Entries taken from a collection:
# # # # #
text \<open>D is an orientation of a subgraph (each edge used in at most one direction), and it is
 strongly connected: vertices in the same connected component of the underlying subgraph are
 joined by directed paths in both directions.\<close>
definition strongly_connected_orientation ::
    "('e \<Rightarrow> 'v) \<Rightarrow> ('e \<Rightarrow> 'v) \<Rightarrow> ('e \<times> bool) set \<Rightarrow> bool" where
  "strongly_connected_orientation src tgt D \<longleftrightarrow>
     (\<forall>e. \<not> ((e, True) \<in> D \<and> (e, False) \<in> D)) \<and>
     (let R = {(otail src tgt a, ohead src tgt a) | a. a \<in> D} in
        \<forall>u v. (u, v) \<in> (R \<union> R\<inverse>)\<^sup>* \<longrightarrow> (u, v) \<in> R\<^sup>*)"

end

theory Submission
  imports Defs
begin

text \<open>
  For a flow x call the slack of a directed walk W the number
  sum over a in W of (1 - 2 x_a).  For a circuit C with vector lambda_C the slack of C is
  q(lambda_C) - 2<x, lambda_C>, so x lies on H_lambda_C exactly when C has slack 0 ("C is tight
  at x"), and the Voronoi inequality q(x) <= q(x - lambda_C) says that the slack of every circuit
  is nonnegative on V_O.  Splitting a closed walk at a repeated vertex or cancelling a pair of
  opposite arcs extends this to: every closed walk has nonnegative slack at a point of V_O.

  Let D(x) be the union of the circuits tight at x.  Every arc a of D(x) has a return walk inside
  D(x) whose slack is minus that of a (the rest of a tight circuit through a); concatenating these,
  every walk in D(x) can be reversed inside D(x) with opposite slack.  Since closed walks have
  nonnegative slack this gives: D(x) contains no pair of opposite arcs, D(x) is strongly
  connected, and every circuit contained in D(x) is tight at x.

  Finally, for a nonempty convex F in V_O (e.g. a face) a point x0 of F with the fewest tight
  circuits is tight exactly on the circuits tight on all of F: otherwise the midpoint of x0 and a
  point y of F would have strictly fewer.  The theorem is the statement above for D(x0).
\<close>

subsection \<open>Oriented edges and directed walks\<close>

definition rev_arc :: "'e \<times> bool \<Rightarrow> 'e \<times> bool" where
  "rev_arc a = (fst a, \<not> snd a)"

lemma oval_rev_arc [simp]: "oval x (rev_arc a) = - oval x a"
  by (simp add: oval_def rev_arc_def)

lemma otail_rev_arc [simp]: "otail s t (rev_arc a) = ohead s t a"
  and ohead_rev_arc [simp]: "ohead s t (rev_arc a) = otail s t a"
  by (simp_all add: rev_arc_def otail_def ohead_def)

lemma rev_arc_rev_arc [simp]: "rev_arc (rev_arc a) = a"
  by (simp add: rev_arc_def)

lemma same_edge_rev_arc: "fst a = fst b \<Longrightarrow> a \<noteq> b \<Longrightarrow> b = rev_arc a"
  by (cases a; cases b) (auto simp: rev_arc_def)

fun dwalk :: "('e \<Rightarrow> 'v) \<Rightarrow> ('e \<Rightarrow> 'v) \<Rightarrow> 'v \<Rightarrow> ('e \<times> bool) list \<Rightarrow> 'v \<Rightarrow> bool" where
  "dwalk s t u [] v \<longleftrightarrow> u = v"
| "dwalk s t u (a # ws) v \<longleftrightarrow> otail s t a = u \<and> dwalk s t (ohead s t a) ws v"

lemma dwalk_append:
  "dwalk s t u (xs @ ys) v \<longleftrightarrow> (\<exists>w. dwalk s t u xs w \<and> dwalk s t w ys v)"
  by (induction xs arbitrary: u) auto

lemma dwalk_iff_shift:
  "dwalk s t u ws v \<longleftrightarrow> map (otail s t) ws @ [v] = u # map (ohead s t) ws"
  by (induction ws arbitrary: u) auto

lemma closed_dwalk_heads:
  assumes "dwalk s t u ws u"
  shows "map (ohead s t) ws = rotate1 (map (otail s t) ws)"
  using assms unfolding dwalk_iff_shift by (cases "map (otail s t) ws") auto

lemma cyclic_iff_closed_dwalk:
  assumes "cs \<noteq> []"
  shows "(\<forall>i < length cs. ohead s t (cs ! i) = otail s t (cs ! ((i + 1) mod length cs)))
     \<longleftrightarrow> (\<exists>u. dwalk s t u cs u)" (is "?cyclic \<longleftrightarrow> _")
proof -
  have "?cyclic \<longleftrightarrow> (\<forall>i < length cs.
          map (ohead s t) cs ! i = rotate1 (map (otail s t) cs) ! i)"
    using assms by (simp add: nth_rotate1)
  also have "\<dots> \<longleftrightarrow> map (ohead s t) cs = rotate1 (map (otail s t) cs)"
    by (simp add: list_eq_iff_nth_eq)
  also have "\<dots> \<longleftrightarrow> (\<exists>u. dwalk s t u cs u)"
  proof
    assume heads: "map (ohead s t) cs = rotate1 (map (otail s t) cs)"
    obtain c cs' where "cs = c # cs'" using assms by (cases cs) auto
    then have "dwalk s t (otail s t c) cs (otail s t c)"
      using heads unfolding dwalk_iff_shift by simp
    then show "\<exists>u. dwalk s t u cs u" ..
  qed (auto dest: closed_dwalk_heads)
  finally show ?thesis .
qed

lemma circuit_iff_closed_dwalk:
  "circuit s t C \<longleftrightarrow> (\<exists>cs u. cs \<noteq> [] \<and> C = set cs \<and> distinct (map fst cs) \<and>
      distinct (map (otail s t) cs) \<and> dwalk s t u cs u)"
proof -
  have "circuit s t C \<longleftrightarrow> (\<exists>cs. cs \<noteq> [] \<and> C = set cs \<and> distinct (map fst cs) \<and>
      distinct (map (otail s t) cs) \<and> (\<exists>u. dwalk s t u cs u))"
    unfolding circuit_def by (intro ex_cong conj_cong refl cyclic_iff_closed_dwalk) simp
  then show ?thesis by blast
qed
# # # # #
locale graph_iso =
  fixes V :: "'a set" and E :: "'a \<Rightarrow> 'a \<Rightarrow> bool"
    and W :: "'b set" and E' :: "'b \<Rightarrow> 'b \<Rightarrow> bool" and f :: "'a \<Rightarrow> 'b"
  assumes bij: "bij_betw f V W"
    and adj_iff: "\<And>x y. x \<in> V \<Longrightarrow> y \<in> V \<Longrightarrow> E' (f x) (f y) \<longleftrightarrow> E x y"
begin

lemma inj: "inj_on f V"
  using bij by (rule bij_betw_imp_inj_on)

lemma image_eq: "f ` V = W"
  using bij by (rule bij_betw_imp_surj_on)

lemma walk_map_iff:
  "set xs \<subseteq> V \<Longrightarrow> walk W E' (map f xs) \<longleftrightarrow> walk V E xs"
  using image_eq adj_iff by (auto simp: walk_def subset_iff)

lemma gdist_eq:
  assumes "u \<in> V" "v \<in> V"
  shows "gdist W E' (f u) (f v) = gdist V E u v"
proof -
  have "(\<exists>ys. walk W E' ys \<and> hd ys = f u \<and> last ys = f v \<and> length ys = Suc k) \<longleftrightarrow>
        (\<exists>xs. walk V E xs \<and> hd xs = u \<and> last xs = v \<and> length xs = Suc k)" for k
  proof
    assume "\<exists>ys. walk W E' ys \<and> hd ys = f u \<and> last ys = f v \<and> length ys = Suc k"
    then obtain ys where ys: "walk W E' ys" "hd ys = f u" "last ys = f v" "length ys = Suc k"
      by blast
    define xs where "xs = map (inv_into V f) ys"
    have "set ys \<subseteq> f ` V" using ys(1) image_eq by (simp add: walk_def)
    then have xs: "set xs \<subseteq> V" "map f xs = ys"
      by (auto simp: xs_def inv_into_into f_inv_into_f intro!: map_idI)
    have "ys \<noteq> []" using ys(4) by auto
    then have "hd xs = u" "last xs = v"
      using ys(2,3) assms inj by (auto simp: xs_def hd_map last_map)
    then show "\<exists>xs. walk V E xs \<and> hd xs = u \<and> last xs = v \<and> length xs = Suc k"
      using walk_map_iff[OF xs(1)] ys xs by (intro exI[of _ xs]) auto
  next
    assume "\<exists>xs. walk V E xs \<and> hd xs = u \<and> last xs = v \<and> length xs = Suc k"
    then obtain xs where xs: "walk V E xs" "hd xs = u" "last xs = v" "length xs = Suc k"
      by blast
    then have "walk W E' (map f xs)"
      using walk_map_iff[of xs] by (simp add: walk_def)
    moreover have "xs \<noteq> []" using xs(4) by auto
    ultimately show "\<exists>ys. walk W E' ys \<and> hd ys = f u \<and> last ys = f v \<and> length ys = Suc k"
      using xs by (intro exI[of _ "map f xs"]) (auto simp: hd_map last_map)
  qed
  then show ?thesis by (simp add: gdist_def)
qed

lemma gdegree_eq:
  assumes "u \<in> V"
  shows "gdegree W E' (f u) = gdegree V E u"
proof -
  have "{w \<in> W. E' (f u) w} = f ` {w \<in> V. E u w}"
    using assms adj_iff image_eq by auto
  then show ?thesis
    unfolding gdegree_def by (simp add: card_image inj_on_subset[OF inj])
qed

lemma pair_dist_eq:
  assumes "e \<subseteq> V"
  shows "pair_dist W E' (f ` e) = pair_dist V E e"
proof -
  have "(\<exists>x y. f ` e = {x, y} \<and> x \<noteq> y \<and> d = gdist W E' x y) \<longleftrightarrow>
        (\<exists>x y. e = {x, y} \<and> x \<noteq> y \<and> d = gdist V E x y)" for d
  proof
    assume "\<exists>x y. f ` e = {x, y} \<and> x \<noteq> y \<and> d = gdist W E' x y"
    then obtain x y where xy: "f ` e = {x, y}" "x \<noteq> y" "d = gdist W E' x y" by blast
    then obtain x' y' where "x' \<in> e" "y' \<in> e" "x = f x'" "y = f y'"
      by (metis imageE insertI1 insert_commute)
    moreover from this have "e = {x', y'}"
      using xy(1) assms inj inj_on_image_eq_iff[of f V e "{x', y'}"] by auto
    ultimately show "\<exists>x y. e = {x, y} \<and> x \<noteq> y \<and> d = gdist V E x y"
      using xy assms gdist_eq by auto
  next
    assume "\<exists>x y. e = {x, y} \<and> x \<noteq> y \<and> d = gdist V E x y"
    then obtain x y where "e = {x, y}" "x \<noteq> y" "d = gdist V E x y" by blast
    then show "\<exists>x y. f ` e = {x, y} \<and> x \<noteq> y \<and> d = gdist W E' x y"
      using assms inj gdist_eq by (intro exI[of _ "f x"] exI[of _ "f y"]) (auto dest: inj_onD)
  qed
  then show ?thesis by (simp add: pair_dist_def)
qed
# # # # #
> [The problem]:
Filter the entries above down to the lines that contain "bool".

> [Task result]:
    "('e \<Rightarrow> 'v) \<Rightarrow> ('e \<Rightarrow> 'v) \<Rightarrow> ('e \<times> bool) set \<Rightarrow> bool" where
definition rev_arc :: "'e \<times> bool \<Rightarrow> 'e \<times> bool" where
fun dwalk :: "('e \<Rightarrow> 'v) \<Rightarrow> ('e \<Rightarrow> 'v) \<Rightarrow> 'v \<Rightarrow> ('e \<times> bool) list \<Rightarrow> 'v \<Rightarrow> bool" where
  fixes V :: "'a set" and E :: "'a \<Rightarrow> 'a \<Rightarrow> bool"
    and W :: "'b set" and E' :: "'b \<Rightarrow> 'b \<Rightarrow> bool" and f :: "'a \<Rightarrow> 'b"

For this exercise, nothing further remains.